Feature	What it does
Optimizers	AdamW, Adam, SGD — standard deep learning optimizers with per-layer learning rate groups.
LR schedules	Cosine decay, linear warmup, one-cycle, step.
DataLoader	Shuffle, batch, and stream training data in parallel across CPU threads.
Checkpointing	Save and restore full training state — weights plus optimizer momentum.
Mixed precision	Train with 16-bit floats for up to 2× speed and half the GPU memory.
Gradient utilities	Gradient clipping, efficient zero-grad across all parameters.
AWQ quantization	Compress weights to 4 bits with activation-aware scaling — ~4× memory reduction.
GGUF export	Export to any of 34 quantization formats (F32/F16/BF16, Q2_K–Q8_0, IQ1–IQ4, TQ1/TQ2).
ONNX export	Export to the standard format for TensorFlow, Core ML, and ONNX Runtime.
Profiler	Per-layer timing, GPU memory, and compute vs. memory-bound diagnosis.

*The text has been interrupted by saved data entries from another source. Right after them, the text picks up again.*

lemma b_inf_ge_summand:
  assumes "w \<in> frontier S"
  shows "dist z y / max (dist z w) (dist y w) \<le> b_inf S z y"
  unfolding b_inf_def
  by (rule cSUP_upper [OF assms]) (auto intro: bdd_aboveI2 b_inf_summand_le_2)

lemma b_inf_ge_infdist:
  fixes S :: "'a::euclidean_space set"
  assumes "S \<noteq> {}" "S \<noteq> UNIV"
  shows "dist z y / (infdist z (frontier S) + dist z y) \<le> b_inf S z y"
proof -
  obtain w where w: "w \<in> frontier S" "infdist z (frontier S) = dist z w"
    using infdist_attains_inf [of "frontier S" z] frontier_not_empty [OF assms] by auto
  have "max (dist z w) (dist y w) \<le> infdist z (frontier S) + dist z y"
    using w dist_triangle [of y w z] by (auto simp: dist_commute)
  then have "dist z y / (infdist z (frontier S) + dist z y) \<le> dist z y / max (dist z w) (dist y w)"
  proof (cases "z = y")
    case False
    then have "0 < max (dist z w) (dist y w)"
      by (metis dist_commute dist_pos_lt max.strict_coboundedI1 max.strict_coboundedI2)
    with False show ?thesis
      using \<open>max (dist z w) (dist y w) \<le> _\<close> by (intro divide_left_mono) auto
  qed simp
  also have "\<dots> \<le> b_inf S z y"
    by (rule b_inf_ge_summand [OF w(1)])
  finally show ?thesis .
qed
theorem proposition4p3:
  fixes n :: nat and \<sigma> :: "nat \<Rightarrow> nat"
  assumes "n \<ge> 1"
    and "is_labeled_path n \<sigma>"
    and "length (ribbon_composition n \<sigma>) \<ge> 2"
    and "\<forall>a\<in>set (ribbon_composition n \<sigma>). a \<ge> 2"
  shows "\<not> cqf_symmetric n \<sigma>"
proof -
  interpret labeled_path n \<sigma>
    using assms(2) by unfold_locales (simp add: is_labeled_path_def)
  obtain p where "2 \<le> p" "p + 1 \<le> n" "\<sigma> (p - 1) < \<sigma> p" "\<sigma> (p + 1) < \<sigma> p"
    using ribbon_composition_peak[OF inj assms(3,4)] by blast
  then interpret labeled_path_peak n \<sigma> p
    by unfold_locales
  show ?thesis
    by (rule not_cqf_symmetric)
qed

end
(* Let $A$ be a $d\times d$ integer matrix of determinant $\pm1$ with $\mathrm{spec}(A)=\{1\}$, and for $k>0$ let $F^{(k)}=P(\mathrm{im}(A^k-I))\subset\mathbb Z^d$. Then $F^{(k)}=F^{(1)}$ for all $k>0$. Consequently, if $\tau$ is a twisted skew product with group component $\mathbb Z^d$ and twisting matrix $A$, then for all $k>0$ the $k$-th iterate of the Fried quotient of $\tau$ equals the Fried quotient of $\tau^k$: $(\tau_{F^{(1)}})^k=(\tau^k)_{F^{(k)}}$.
   Context: A subgroup $\Gamma\subset\mathbb Z^d$ is pure if $\mathbb Z^d/\Gamma$ is torsion-free; the purification $P(X)$ of a subset $X$ is the smallest pure subgroup containing $X$. Twisted skew product: over a countable state Markov shift $(\Sigma,\sigma)$ (bi-infinite sequences allowed by a $\{0,1\}$ transition matrix on a countable state set, $\sigma$ the left shift), $\tau(s,n)=(\sigma s,An+h(s))$ on $\Sigma\times\mathbb Z^d$ with $h$ depending only on $(s_0,s_1)$; $\tau^k$ is a twisted skew product with twisting matrix $A^k$. For an $A$-invariant subgroup $\Gamma$, $\tau_\Gamma(s,n+\Gamma)=(\sigma s,An+h(s)+\Gamma)$. The Fried quotient of a twisted skew product with twisting $\Psi$ is $\tau_F$ with $F=P(\mathrm{im}(\Psi-\mathrm{id}))$. *)

theory Defs
  imports "HOL-Analysis.Analysis"
begin
lemma OOCF_prodJ_eq:
  "OOCF_prodJ d n = ((OOCF_p d n, - OOCF_p' d n), (OOCF_q d n, - OOCF_q' d n))"
  by (simp add: OOCF_p_def OOCF_p'_def OOCF_q_def OOCF_q'_def)

lemma OOCF_pq_0: "OOCF_p d 0 = 1" "OOCF_p' d 0 = 1" "OOCF_q d 0 = 1" "OOCF_q' d 0 = 0"
  by (simp_all add: OOCF_p_def OOCF_p'_def OOCF_q_def OOCF_q'_def matM_def)

lemma OOCF_pq_Suc:
  assumes "d (Suc n) = (a, e)"
  shows "OOCF_p d (Suc n) = 2 * (a * OOCF_p d n - OOCF_p' d n) + e * OOCF_p d n"
    and "OOCF_p' d (Suc n) = a * OOCF_p d n - OOCF_p' d n"
    and "OOCF_q d (Suc n) = 2 * (a * OOCF_q d n - OOCF_q' d n) + e * OOCF_q d n"
    and "OOCF_q' d (Suc n) = a * OOCF_q d n - OOCF_q' d n"
proof -
  have "OOCF_prodJ d (Suc n) =
    ((2 * (a * OOCF_p d n - OOCF_p' d n) + e * OOCF_p d n, - (a * OOCF_p d n - OOCF_p' d n)),
     (2 * (a * OOCF_q d n - OOCF_q' d n) + e * OOCF_q d n, - (a * OOCF_q d n - OOCF_q' d n)))"
    using assms by (simp add: OOCF_prodJ_eq[of d n] mmul_def matE_def matJ_def algebra_simps)
  then show "OOCF_p d (Suc n) = 2 * (a * OOCF_p d n - OOCF_p' d n) + e * OOCF_p d n"
    and "OOCF_p' d (Suc n) = a * OOCF_p d n - OOCF_p' d n"
    and "OOCF_q d (Suc n) = 2 * (a * OOCF_q d n - OOCF_q' d n) + e * OOCF_q d n"
    and "OOCF_q' d (Suc n) = a * OOCF_q d n - OOCF_q' d n"
    by (simp_all add: OOCF_p_def[of d "Suc n"] OOCF_p'_def[of d "Suc n"]
        OOCF_q_def[of d "Suc n"] OOCF_q'_def[of d "Suc n"])
qed

lemma OOCF_pseudo_eq:
  assumes "n \<ge> 1"
  shows "OOCF_p2 d n = OOCF_p d n - OOCF_p' d n" "OOCF_q2 d n = OOCF_q d n - OOCF_q' d n"
proof -
  obtain m where n: "n = Suc m" using assms by (cases n) auto
  obtain a e where digit: "d (Suc m) = (a, e)" by fastforce
  show "OOCF_p2 d n = OOCF_p d n - OOCF_p' d n" "OOCF_q2 d n = OOCF_q d n - OOCF_q' d n"
    using digit unfolding n OOCF_pq_Suc[of d m a e, OF digit]
    by (simp_all add: OOCF_p2_def OOCF_q2_def OOCF_pseudo_def OOCF_prodJ_eq[of d m]
        mmul_def matE_def algebra_simps)
qed

lemma OOCF_q'_bounds:
  assumes "\<forall>j\<in>{1..n}. d j \<in> OOCF_digits"
  shows "0 \<le> OOCF_q' d n \<and> OOCF_q' d n < OOCF_q d n"
  using assms
proof (induction n)
  case 0
  show ?case by (simp add: OOCF_pq_0)
next
  case (Suc n)
  obtain a e where digit: "d (Suc n) = (a, e)" by fastforce
  with Suc.prems have "(a, e) \<in> OOCF_digits"
    by (metis atLeastAtMost_iff le_add1 order_refl plus_1_eq_Suc)
  then have ae: "1 \<le> a" "1 \<le> a + e" unfolding OOCF_digits_def by auto
  define q q' where "q = OOCF_q d n" and "q' = OOCF_q' d n"
  have "0 \<le> q'" "q' < q" using Suc unfolding q_def q'_def by auto
  moreover from this ae have "q \<le> a * q" "q \<le> a * q + e * q"
    by (simp_all add: mult_le_cancel_right1 flip: distrib_right)
  ultimately show ?case
    unfolding OOCF_pq_Suc[of d n a e, OF digit] q_def[symmetric] q'_def[symmetric] by (smt (verit))
qed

Training loop — train_step! handles zero-grad, forward, backward, and optimizer step in one call:

use nabla_train::prelude::*;

let mut optimizer = AdamW::from_params(1e-3, &model.parameters());
for epoch in 0..100 {
    for (x, targets) in &loader {
        let loss = train_step!(model, optimizer, tape, |x, out| {
            out.cross_entropy_indices(&targets)
        })?;
        println!("loss: {:.4}", loss);
    }
}

DataLoader:

let loader = DataLoader::new(dataset, VecBatcher::default(), 64)
    .shuffle_seed(42);
for (x, y) in &loader { /* x, y already batched */ }

Checkpointing:

save_checkpoint(&model, &optimizer, Path::new("ckpt.bin"))?;
load_checkpoint(&mut model, &mut optimizer, Path::new("ckpt.bin"))?;

GGUF export — choose a quantization format to balance size and quality:

Format	Bits/weight	7B model size	Quality
F16	16	13 GB	Identical to F32
Q8_0	9.0	7.2 GB	Near-identical
Q4_K_M	4.8	4.1 GB	Good — recommended
Q2_K	2.6	2.2 GB	Noticeable degradation

use nabla_train::gguf::{GgufExportConfig, GgufQuantType, export_gguf};

let config = GgufExportConfig {
    base_quant: GgufQuantType::Q4KM,
    model_arch: "llama".into(),
    mixing: None, imatrix: None, extra_metadata: vec![],
};
let weights: Vec<_> = model.named_parameters()
    .into_iter()
    .map(|(n, t)| (n, t.shape().to_vec(), t.to_vec()))
    .collect();
let weight_refs: Vec<_> = weights.iter()
    .map(|(n,s,d)| (n.as_str(), s.as_slice(), d.as_slice())).collect();
export_gguf(&mut File::create("model.gguf")?, &weight_refs, &config)?;

All 34 GGUF formats: see quick_start.md §17.

Model Inference

nabla-interface loads GGUF files and runs inference via llama.cpp. On Apple Silicon, transformer layers are automatically offloaded to Metal GPU.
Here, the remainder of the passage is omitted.